By William Lee Adams
July 18, 2005

At the stroke of midnight on Friday, Harry Potter fanatics will descend on bookstores to claim "Harry Potter and the Half-Blood Prince," the sixth installment of J. K. Rowling's best-selling series. Although Ashley Bernard, 12, says she has read the first five books "at least 15 times each," she will not be among the midnight crawlers. Blind from birth, she has always faced a torturous delay of at least three months to get a Braille edition. "I don't like to be kept waiting," she says, worried that her friends, who chatter ceaselessly about the book, might give away its ending.

Ashley won't have to avoid her pals for long. Thanks to the National Braille Press (NBP), a nonprofit publishing and printing house based in Boston, blind children across the country will receive Braille editions only three days late. Scholastic, the publisher, agreed to give NBP the precious text early this time; last week the press - with all 51 staffers and 23 volunteers began working round the clock to complete the Braille edition. The text must be transcribed into Braille, printed on special paper, proofread twice and then collated by hand to protect the delicate script.

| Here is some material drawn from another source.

(* Let $R$ be a ring, $I$ a non-empty countable set, $D=\{\delta_i\mid i\in I\}$ a family of derivations of $R$, $X=\{x_i\mid i\in I\}$ a set of distinct non-commuting indeterminates, and $S=R[X;D]$. For $J\subseteq I$ put $X_J=\{x_i\mid i\in J\}$, $D_J=\{\delta_i\mid i\in J\}$ and $S_J=R[X_J;D_J]$. Then for every $J\subseteq I$, $S_J$ is both a right corner and a left corner of $S$. In particular, if $S$ is left (respectively right) quasi-duo, then $S_J$ is left (respectively right) quasi-duo for every subset $J\subseteq I$.
   Context: All rings are unital and associative. A derivation of $R$ is an additive map $\delta:R\to R$ with $\delta(rs)=r\delta(s)+\delta(r)s$. The differential polynomial ring in several indeterminates $R[X;D]$ is the set of all (noncommutative) polynomials in the indeterminates $x_i\in X$ (i.e. finite $R$-linear combinations $a_1t_1+\cdots+a_nt_n$ of monomials $t_k$, finite words in the alphabet $X$, coefficients written on the left), with natural addition and multiplication generated by the commutation rules $x_ia=ax_i+\delta_i(a)$ for $a\in R$, $i\in I$ (the $\delta_i$ need not be distinct). A subring $B$ of a ring $A$ (unital, possibly with $1_B\neq 1_A$) is a left corner of $A$ if there is an additive subgroup $C$ of $A$ with $A=B\oplus C$ and $BC\subseteq C$; it is a right corner if instead $CB\subseteq C$. A ring is left (right) quasi-duo if every maximal left (right) ideal is two-sided. *)

theory Defs
  imports "HOL-Algebra.Ideal" "HOL-Library.Countable_Set"
begin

Printing a single Braille version costs $62, but it will sell for the standard retail price of $29.99 ($17.99 for preorders). NBP estimates it will lose more than $32,000 after its first press run of 700 copies. "This isn't about charity, it's about parity," says NBP's Tanya Holton. "It's our job to make up that difference." Local businesses help. The largest donor, Lumber Liquidators, a hardwood-flooring retailer, donated $100,000 to fund the Braille "Harry Potter" series earlier this year.

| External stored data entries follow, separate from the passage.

definition frobenius_kernel :: "'a set \<Rightarrow> ('a \<Rightarrow> 'a) set \<Rightarrow> ('a \<Rightarrow> 'a) set" where
  "frobenius_kernel \<Omega> G = {g \<in> G. (\<forall>z\<in>\<Omega>. g z = z) \<or> (\<forall>z\<in>\<Omega>. g z \<noteq> z)}"

definition transl_maps :: "int \<Rightarrow> (int \<Rightarrow> int) set" where
  "transl_maps n = {(\<lambda>x. (x + y) mod n) | y. y \<in> Zn n}"

text \<open>Z_n \<rtimes> H is a Frobenius group with kernel Z_n (kernel compared as maps on Z_n).\<close>
definition frobenius_ZnH :: "int \<Rightarrow> int set \<Rightarrow> bool" where
  "frobenius_ZnH n H \<longleftrightarrow> unit_subgroup n H \<and>
     frobenius_perm_group (Zn n) (semidirect_perms n H) \<and>
     (\<forall>g \<in> semidirect_perms n H.
        g \<in> frobenius_kernel (Zn n) (semidirect_perms n H) \<longleftrightarrow>
        (\<exists>t\<in>transl_maps n. \<forall>x\<in>Zn n. g x = t x))"

definition orbit :: "int \<Rightarrow> int set \<Rightarrow> int \<Rightarrow> int set" where
  "orbit n H s = {(s * h) mod n | h. h \<in> H}"

inductive_set add_span :: "int \<Rightarrow> int set \<Rightarrow> int set" for n S where
  zero: "0 \<in> add_span n S"
| step: "x \<in> add_span n S \<Longrightarrow> s \<in> S \<Longrightarrow> (x + s) mod n \<in> add_span n S"

definition first_kind :: "int \<Rightarrow> int set \<Rightarrow> int \<Rightarrow> bool" where
  "first_kind n H s \<longleftrightarrow> s \<in> Zn n \<and> add_span n (orbit n H s) = Zn n \<and>
     (even (card H) \<or> (s \<noteq> 0 \<and> (2 * s) mod n = 0))"

definition six_valent_FFC :: "int \<Rightarrow> (int \<Rightarrow> int \<Rightarrow> bool) \<Rightarrow> bool" where
  "six_valent_FFC n \<Gamma> \<longleftrightarrow> (\<exists>a b c. tl_ok n a b c \<and> \<Gamma> = TL n a b c \<and>
     (\<exists>H s. frobenius_ZnH n H \<and> first_kind n H s \<and> \<Gamma> = cay n (orbit n H s)))"

definition graph_iso :: "int \<Rightarrow> (int \<Rightarrow> int \<Rightarrow> bool) \<Rightarrow> (int \<Rightarrow> int \<Rightarrow> bool) \<Rightarrow> bool" where
  "graph_iso n G1 G2 \<longleftrightarrow> (\<exists>f. bij_betw f (Zn n) (Zn n) \<and>
     (\<forall>x\<in>Zn n. \<forall>y\<in>Zn n. G1 x y \<longleftrightarrow> G2 (f x) (f y)))"

end

theory Submission
  imports Defs
begin

text \<open>
  For \<open>n = p^e\<close> and \<open>a = (n + 1)/2 \<cdot> (v + 1)\<close> we have \<open>4(a^2 - a + 1) \<equiv> v^2 + 3 \<equiv> 0\<close>, so \<open>a\<close>
  is a primitive sixth root of unity modulo \<open>n\<close> and \<open>{\<plusminus>a, \<plusminus>(a - 1), \<plusminus>1}\<close> is the group
  \<open>\<langle>a\<rangle>\<close> of its powers. Since \<open>a^k - 1\<close> is a unit for \<open>0 < k < 6\<close>, \<open>\<langle>a\<rangle>\<close> acts
  fixed-point-freely on \<open>\<int>\<^sub>n\<close>, and \<open>TL\<^sub>n(a, a - 1, 1) = Cay(\<int>\<^sub>n, \<langle>a\<rangle>)\<close> is a first-kind
  Frobenius graph with \<open>s = 1\<close>.

  Conversely, a 6-valent first-kind Frobenius circulant is \<open>Cay(\<int>\<^sub>n, s\<^sup>H)\<close> with \<open>|H| = 6\<close> and
  \<open>s\<close> a unit (as \<open>s\<^sup>H\<close> generates \<open>\<int>\<^sub>n\<close>). Every \<open>h \<in> H\<close> is a root of
  \<open>x^6 - 1 \<equiv> (x - 1)(x - a)\<cdots>(x - a^5)\<close>, and the \<open>a^k\<close> are pairwise distinct modulo \<open>p\<close>,
  so \<open>H = \<langle>a\<rangle>\<close>; multiplication by \<open>s\<^sup>-\<^sup>1\<close> then maps \<open>Cay(\<int>\<^sub>n, s\<^sup>H)\<close> onto
  \<open>Cay(\<int>\<^sub>n, \<langle>a\<rangle>)\<close>.
\<close>

lemma Zn_mod: "x \<in> Zn n \<Longrightarrow> x mod n = x"
  by (simp add: Zn_def)

lemma mod_in_Zn: "n > 0 \<Longrightarrow> x mod n \<in> Zn n"
  by (simp add: Zn_def)

lemma finite_Zn: "finite (Zn n)"
  by (simp add: Zn_def)

lemma Zn_eq_if_dvd_diff: "x \<in> Zn n \<Longrightarrow> y \<in> Zn n \<Longrightarrow> n dvd x - y \<Longrightarrow> x = y"
  by (metis Zn_mod mod_eq_dvd_iff)

lemma Zn_cong_imp_eq: "x \<in> Zn n \<Longrightarrow> [y = x] (mod n) \<Longrightarrow> y mod n = x"
  by (simp add: Zn_mod cong_def)

lemma orbit_eq_image: "orbit n H s = (\<lambda>h. (s * h) mod n) ` H"
  unfolding orbit_def by (rule Setcompr_eq_image)

lemma orbit_subset_Zn: "n > 0 \<Longrightarrow> orbit n H s \<subseteq> Zn n"
  unfolding orbit_eq_image by (auto simp: mod_in_Zn)

lemma tl_set_subset_Zn: "n > 0 \<Longrightarrow> tl_set n a b c \<subseteq> Zn n"
  unfolding tl_set_def by (simp add: mod_in_Zn)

A cultural phenomenon like "Harry Potter" can go a long way to improve literacy among blind children. According to Diane Croft, NBP's vice president of publications, only 20 percent of blind children can read Braille by the fourth grade. "If you tell a good story, the readers will come - and that goes for blind children too," she says. They also learn to read faster due to the length of the "Potter" books. Because Braille text is large, it takes four pages of Braille to cover the same material as one page of print. The Braille "Half-Blood Prince" will run 1,100 pages - in nine volumes that will weigh at least 11 pounds altogether.

Connie Bach, 15, has to carry the 13 volumes of "Harry Potter and the Order of the Phoenix" in a small suitcase. Still, she prefers the Braille books to compact audio versions. "If I get confused, I have to rewind and try to find the spot," she says, "but with Braille I can just go back and reread." Besides, she says, a reader's inflection can color her interpretation, making it hard "to form my own images." She can't wait for those wizards to tell their story - and now she doesn't have to.